Geçmiş

5 0 0
                                    

6 Mart 1997;

Bir hastane odasında elleri kucağında, düz bakışlarla duvarı izliyordu kadın. Yeni doğum yapmıştı,bugün hastanede ilk gecesiydi. Çok geçmeden odaya bir adam girdi,bu eşiydi. Kadın kimin geldiğini merak etmediğinden dolayı duvara bakmaya devam etti,adam dayanamadı ve kadının yanına gidip ellerini avuçları arasına sığdırdı. Ve hüzünlü bakışlarla konuşmaya başladı.

"Hayatım yapma ama böyle,bak dünyalar tatlısı bir kızımız oldu,neden böyle yapıyorsun?" Diye sordu karısına. Kadın omuz silkti,adam bir elini kadının yüzüne götürdü ve yanağını avucladı ve konuşmaya devam etti.

"Ama bak kızımız-" kadın adamın bile ummadığı bir anda, ummadığı birşey yaptı. Yüksek sesle bağırması ikisinide şaşkına sokmuştu.

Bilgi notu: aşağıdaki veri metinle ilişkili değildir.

text \<open>Closeness in \<open>seq_dist\<close> is agreement on an initial segment, so everything is phrased
  in terms of \<open>agree m x y\<close>. A uniformly continuous equivariant map sends pseudo-orbits to
  pseudo-orbits, hence chain recurrent points to chain recurrent points.
  For MLC(1), take \<open>y \<in> Y (n+1)\<close>. In a subshift of finite type a chain recurrent point is a
  limit of periodic points \<open>q\<close>; then \<open>\<pi> n q\<close> is periodic of some period \<open>p\<close> and, by MLC(1)
  for \<open>X\<close>, equals \<open>\<pi> n (\<pi> (n+1) w)\<close>. All points \<open>(shift ^^ (j * p)) w\<close> have the same
  image, so an accumulation point of them is an \<open>\<omega>\<close>-limit point of \<open>w\<close>, hence lies in
  \<open>Y (n+2)\<close>, and maps to \<open>\<pi> n q\<close>. Letting \<open>q \<rightarrow> y\<close>, compactness and closedness of
  \<open>Y (n+2)\<close> yield a preimage of \<open>\<pi> n y\<close>.\<close>

definition agree :: "nat \<Rightarrow> (nat \<Rightarrow> 'a) \<Rightarrow> (nat \<Rightarrow> 'a) \<Rightarrow> bool" where
  "agree m x y \<longleftrightarrow> (\<forall>i<m. x i = y i)"

lemma agree_refl [simp]: "agree m x x"
  by (simp add: agree_def)

lemma agree_sym: "agree m x y \<Longrightarrow> agree m y x"
  by (auto simp: agree_def)

lemma agree_trans: "agree m x y \<Longrightarrow> agree m y z \<Longrightarrow> agree m x z"
  by (auto simp: agree_def)

lemma agree_mono: "agree M x y \<Longrightarrow> m \<le> M \<Longrightarrow> agree m x y"
  by (auto simp: agree_def)

lemma agree_Suc_shift: "agree (Suc m) x y \<Longrightarrow> agree m (shift x) (shift y)"
  by (auto simp: agree_def shift_def)

lemma eq_if_agree_all: "(\<And>m. agree m x y) \<Longrightarrow> x = y"
  unfolding agree_def by (meson lessI ext)

lemma seq_dist_le_half_power_iff: "seq_dist x y \<le> (1/2) ^ m \<longleftrightarrow> agree m x y"
proof (cases "x = y")
  case False
  define L where "L = (LEAST i. x i \<noteq> y i)"
  have "x L \<noteq> y L"
    using False LeastI_ex[of "\<lambda>i. x i \<noteq> y i"] by (auto simp: L_def)
  moreover have "x i = y i" if "i < L" for i
    using not_less_Least[OF that[unfolded L_def]] by blast
  ultimately have "agree m x y \<longleftrightarrow> m \<le> L"
    unfolding agree_def by (meson leI less_le_trans)
  moreover have "seq_dist x y = (1/2) ^ L"
    using False by (simp add: seq_dist_def L_def)
  ultimately show ?thesis
    by (simp add: power_decreasing_iff)
qed (simp add: seq_dist_def)

text \<open>\<open>z 0, \<dots>, z k\<close> is a \<open>(1/2)\<^sup>m\<close>-pseudo-orbit of the shift in \<open>X\<close>.\<close>

definition agree_chain :: "(nat \<Rightarrow> 'a) set \<Rightarrow> nat \<Rightarrow> nat \<Rightarrow> (nat \<Rightarrow> nat \<Rightarrow> 'a) \<Rightarrow> bool" where
  "agree_chain X m k z \<longleftrightarrow> (\<forall>i\<le>k. z i \<in> X) \<and> (\<forall>i<k. agree m (shift (z i)) (z (Suc i)))"

lemma chain_recurrent_seq_dist_iff:
  "y \<in> chain_recurrent seq_dist X shift \<longleftrightarrow>
     y \<in> X \<and> (\<forall>m. \<exists>k>0. \<exists>z. z 0 = y \<and> z k = y \<and> agree_chain X m k z)"
proof -
  define cycle where "cycle \<delta> \<longleftrightarrow> (\<exists>k>0. \<exists>z. z 0 = y \<and> z k = y \<and> (\<forall>i\<le>k. z i \<in> X) \<and>
    (\<forall>i<k. seq_dist (shift (z i)) (z (Suc i)) \<le> \<delta>))" for \<delta> :: real
  have cycle_mono: "cycle \<epsilon>" if "cycle \<delta>" and "\<delta> \<le> \<epsilon>" for \<delta> \<epsilon>
  proof -
    obtain k z where "k > 0" "z 0 = y" "z k = y" "\<forall>i\<le>k. z i \<in> X"
      and steps: "\<forall>i<k. seq_dist (shift (z i)) (z (Suc i)) \<le> \<delta>"
      using \<open>cycle \<delta>\<close> unfolding cycle_def by blast
    moreover have "\<forall>i<k. seq_dist (shift (z i)) (z (Suc i)) \<le> \<epsilon>"
      using steps \<open>\<delta> \<le> \<epsilon>\<close> by force
    ultimately show ?thesis
      unfolding cycle_def by (intro exI[of _ k] conjI exI[of _ z])
  qed
  have "(\<forall>\<delta>>0. cycle \<delta>) \<longleftrightarrow> (\<forall>m. cycle ((1/2) ^ m))"
  proof
    assume "\<forall>m. cycle ((1/2) ^ m)"
    show "\<forall>\<delta>>0. cycle \<delta>"
    proof (intro allI impI)
      fix \<delta> :: real
      assume "\<delta> > 0"
      then obtain m where "(1/2) ^ m < \<delta>"
        using real_arch_pow_inv[of \<delta> "1/2"] by force
      then show "cycle \<delta>"
        using cycle_mono \<open>\<forall>m. cycle ((1/2) ^ m)\<close> by (meson less_imp_le)
    qed
  qed simp
  moreover have "cycle ((1/2) ^ m) \<longleftrightarrow> (\<exists>k>0. \<exists>z. z 0 = y \<and> z k = y \<and> agree_chain X m k z)" for m
    unfolding cycle_def agree_chain_def seq_dist_le_half_power_iff ..
  moreover have "y \<in> chain_recurrent seq_dist X shift \<longleftrightarrow> y \<in> X \<and> (\<forall>\<delta>>0. cycle \<delta>)"
    unfolding chain_recurrent_def cycle_def by (simp only: mem_Collect_eq)
  ultimately show ?thesis
    by presburger
qed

"BENİM BİR KIZIM YOK,SEN İSTİYORSAN SENİN KIZIN OLABİLİR AMA BENİM DEGİL!" diye çıkışınca adam irkti ve hafif geri çekildi fakat elleri hala yerlerindeydi. Kadın devam etti konuşmasına. "BEN O KIZI İSTEMİYORUM,BEN SUAN ÇOCUK İSTEMİYORUM. GİTSİN,İSTEMİYORUM" kadının sesi hala alçalmamıştı,adamın yavaş yavaş gözleri dolmaya başlamıştı,dolu gözlerle baktı karısına,biricik sevdiğine sonra ise yanağında ki eli ile okşadı yanağını hafifçe ve,

"Tamam,halledeceğim" dedi. Ama kendi sesini kendi bile duyamamıştı,bunu dediği anda yanaklarına bir göz yaşı yavaşça süzülmüştü. Kadın başını salladı,

"Git onu camiiye biryere bırak,bebek sesi cekemeyecegim. Sakin getirme yanıma!" Diyen kadın yüzünden adamın yanaklarına bütün gözyaşları yavaşça hücum etti. Adam başını salladı ve yavaşça karısının yanından ayrıldı. Odanın kapısına doğru ilerledi ve kapıyı yavaşça kapatıp önünde derin bir nefes verdi.

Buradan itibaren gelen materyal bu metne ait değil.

definition prox_set :: "('a::real_normed_vector \<Rightarrow> ereal) \<Rightarrow> real \<Rightarrow> 'a \<Rightarrow> 'a set" where
  "prox_set h \<gamma> z = {y. \<forall>u. h y + ereal ((norm (y - z))\<^sup>2 / (2 * \<gamma>))
                              \<le> h u + ereal ((norm (u - z))\<^sup>2 / (2 * \<gamma>))}"

(* single-valued proximal map (used for real-valued convex functions, where the argmin is unique) *)
definition prox :: "('a::real_normed_vector \<Rightarrow> real) \<Rightarrow> real \<Rightarrow> 'a \<Rightarrow> 'a" where
  "prox h \<gamma> z = (THE y. y \<in> prox_set (\<lambda>x. ereal (h x)) \<gamma> z)"

(* relaxed Ryu envelope; g1, g2 are the gradients of f1, f2 *)
definition ryu_envelope ::
  "('a::real_inner \<Rightarrow> real) \<Rightarrow> ('a \<Rightarrow> 'a) \<Rightarrow> ('a \<Rightarrow> real) \<Rightarrow> ('a \<Rightarrow> 'a) \<Rightarrow> ('a \<Rightarrow> ereal)
    \<Rightarrow> real \<Rightarrow> real \<Rightarrow> 'a \<Rightarrow> 'a \<Rightarrow> ereal" where
  "ryu_envelope f1 g1 f2 g2 f3 \<alpha> \<gamma> z1 z2 =
     (let \<gamma>1 = \<gamma> / \<alpha>; \<gamma>2 = \<gamma> / (1 - \<alpha>);
          x1 = prox f1 \<gamma> z1;
          x2 = prox f2 (\<gamma> / \<alpha>) (z2 /\<^sub>R \<alpha> + x1)
      in (INF y. f3 y
            + ereal (f1 x1 + inner (y - x1) (g1 x1) + (norm (y - x1))\<^sup>2 / (2 * \<gamma>1))
            + ereal (f2 x2 + inner (y - x2) (g2 x2) + (norm (y - x2))\<^sup>2 / (2 * \<gamma>2))))"

definition ryu_Gamma :: "real \<Rightarrow> real \<Rightarrow> real \<Rightarrow> real \<Rightarrow> real \<Rightarrow> real \<Rightarrow> real set" where
  "ryu_Gamma lam \<alpha> L1 L2 \<epsilon>1 \<epsilon>2 =
     (let g0 = lam / (2 * L1);
          g1 = lam / (2 * L2) - \<alpha> / (2 * \<epsilon>2);
          g2 = \<alpha> * (2 - lam - (1 - \<alpha>) * \<epsilon>1) / (\<alpha> * \<epsilon>2 + 2 * (1 - \<alpha>) * L1);
          g3 = (1 - \<alpha>) * (\<epsilon>1 * (2 * \<alpha> - lam) - \<alpha>) / (2 * \<alpha> * L2 * \<epsilon>1)
      in {0<..min g0 g1} \<inter> {0<..<min (min g2 g3) (1 / (L1 + L2))})"

end

theory Submission
  imports Defs
begin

Ağlıyordu,hayatında ilk defa bukadar çok ağlıyordu. Elleriyle yüzünü sıvazladı,ve lavaboya doğru ilerledi. Lavabodaki bir kaç adamın konuşmasını önemsemedi, yüzünü yıkamaya başladı. Nefessiz kalıyordu,dünya ona çok dar geliyordu şuan. Bir yanda karısı,bir yanda ise hep hayal ettiği kızı. Ne yapacaktı hiç bir fikri yoktu. Büyük bir arafta kalmıştı. Ellerini tezgaha yaslayıp yüzüne baktı,biraz daha iyi durumda hissedince lavabo kapısına doğru ilerledi ve çıktı. Her zaman olduğu gibi gene çok sakindi,hiç agrasif bir adam olmamıştı zaten,ama bu olay onu dahada yumuşak yapıyordu. Yavaşça kızının olduğu odaya ilerledi. Eşi bebeği yanında istememişti,biraz zaman gereklidir diye üstelememiş,bebeği başka bir odaya koymalarını rica etmişti. Odanın kapısına yaklaştı, yavaşça tıklattı ve içeriden bir kadın hemşire çıktı. Hemşire gülümsedi ve küçük kızı getirip babasının kucağına verdi ve odadan çıktı. İlk defa tutmuyordu kızını. İlk doğduğu zamanda kucağına almıştı,ama bu sefer daha bir sevgi doluydu. Bir baba gibi...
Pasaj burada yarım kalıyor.